──────── DATA PROVIDED ────────

lemma gcd_div_toggle_prime:
  fixes p N e t :: nat
  assumes "prime p" "t \<noteq> 0" "multiplicity p t < multiplicity p N" "squarefree e" "e dvd N"
  shows "gcd (N div toggle_prime p e) t = gcd (N div e) t"
proof -
  have "p dvd N"
    using assms(1,3) by (metis not_dvd_imp_multiplicity_0 not_less0)
  then have toggle_dvd: "toggle_prime p e dvd N"
    using assms(1,4,5) by (intro toggle_prime_dvd)
  from assms(1,4) show ?thesis
  proof (cases rule: toggle_prime_cases)
    case (times_p e0)
    with assms toggle_dvd gcd_div_mult_prime_eq[of p t N e0] show ?thesis
      by simp
  next
    case (div_p e0)
    with assms gcd_div_mult_prime_eq[of p t N e0] show ?thesis
      by simp
  qed
qed

lemma not_prime_power_or_one_if_two_prime_divisors:
  assumes "prime p" "prime q" "p \<noteq> q" "p dvd m" "q dvd m" "m \<noteq> 0"
  shows "\<not> prime_power_or_one m"
proof -
  have "{p, q} \<subseteq> prime_factors m"
    using assms by (auto simp: prime_factors_dvd)
  then have "card {p, q} \<le> card (prime_factors m)"
    by (intro card_mono) auto
  with assms(3) show ?thesis
    by (simp add: prime_power_or_one_def)
qed

lemma two_le_card_prime_factors_if_mu_eq_1:
  assumes "mu e = 1" "e \<noteq> 1"
  shows "2 \<le> card (prime_factors e)"
proof -
  have "squarefree e" "even (card (prime_factors e))"
    using assms(1) by (auto simp: mu_def minus_one_power_iff split: if_splits)
  obtain q where "prime q" "q dvd e"
    using prime_factor_nat[OF assms(2)] by blast
  moreover have "e \<noteq> 0"
    using \<open>squarefree e\<close> by (metis not_squarefree_0)
  ultimately have "q \<in> prime_factors e"
    by (auto simp: prime_factors_dvd)
  then have "card (prime_factors e) \<noteq> 0"
    by auto
  with \<open>even (card (prime_factors e))\<close> show ?thesis
    by presburger
qed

────────

EXERCISE DIRECTIONS:
Print the data in full, with each line exactly as given.

SOLVED EXERCISE:
lemma gcd_div_toggle_prime:
  fixes p N e t :: nat
  assumes "prime p" "t \<noteq> 0" "multiplicity p t < multiplicity p N" "squarefree e" "e dvd N"
  shows "gcd (N div toggle_prime p e) t = gcd (N div e) t"
proof -
  have "p dvd N"
    using assms(1,3) by (metis not_dvd_imp_multiplicity_0 not_less0)
  then have toggle_dvd: "toggle_prime p e dvd N"
    using assms(1,4,5) by (intro toggle_prime_dvd)
  from assms(1,4) show ?thesis
  proof (cases rule: toggle_prime_cases)
    case (times_p e0)
    with assms toggle_dvd gcd_div_mult_prime_eq[of p t N e0] show ?thesis
      by simp
  next
    case (div_p e0)
    with assms gcd_div_mult_prime_eq[of p t N e0] show ?thesis
      by simp
  qed
qed

lemma not_prime_power_or_one_if_two_prime_divisors:
  assumes "prime p" "prime q" "p \<noteq> q" "p dvd m" "q dvd m" "m \<noteq> 0"
  shows "\<not> prime_power_or_one m"
proof -
  have "{p, q} \<subseteq> prime_factors m"
    using assms by (auto simp: prime_factors_dvd)
  then have "card {p, q} \<le> card (prime_factors m)"
    by (intro card_mono) auto
  with assms(3) show ?thesis
    by (simp add: prime_power_or_one_def)
qed

lemma two_le_card_prime_factors_if_mu_eq_1:
  assumes "mu e = 1" "e \<noteq> 1"
  shows "2 \<le> card (prime_factors e)"
proof -
  have "squarefree e" "even (card (prime_factors e))"
    using assms(1) by (auto simp: mu_def minus_one_power_iff split: if_splits)
  obtain q where "prime q" "q dvd e"
    using prime_factor_nat[OF assms(2)] by blast
  moreover have "e \<noteq> 0"
    using \<open>squarefree e\<close> by (metis not_squarefree_0)
  ultimately have "q \<in> prime_factors e"
    by (auto simp: prime_factors_dvd)
  then have "card (prime_factors e) \<noteq> 0"
    by auto
  with \<open>even (card (prime_factors e))\<close> show ?thesis
    by presburger
qed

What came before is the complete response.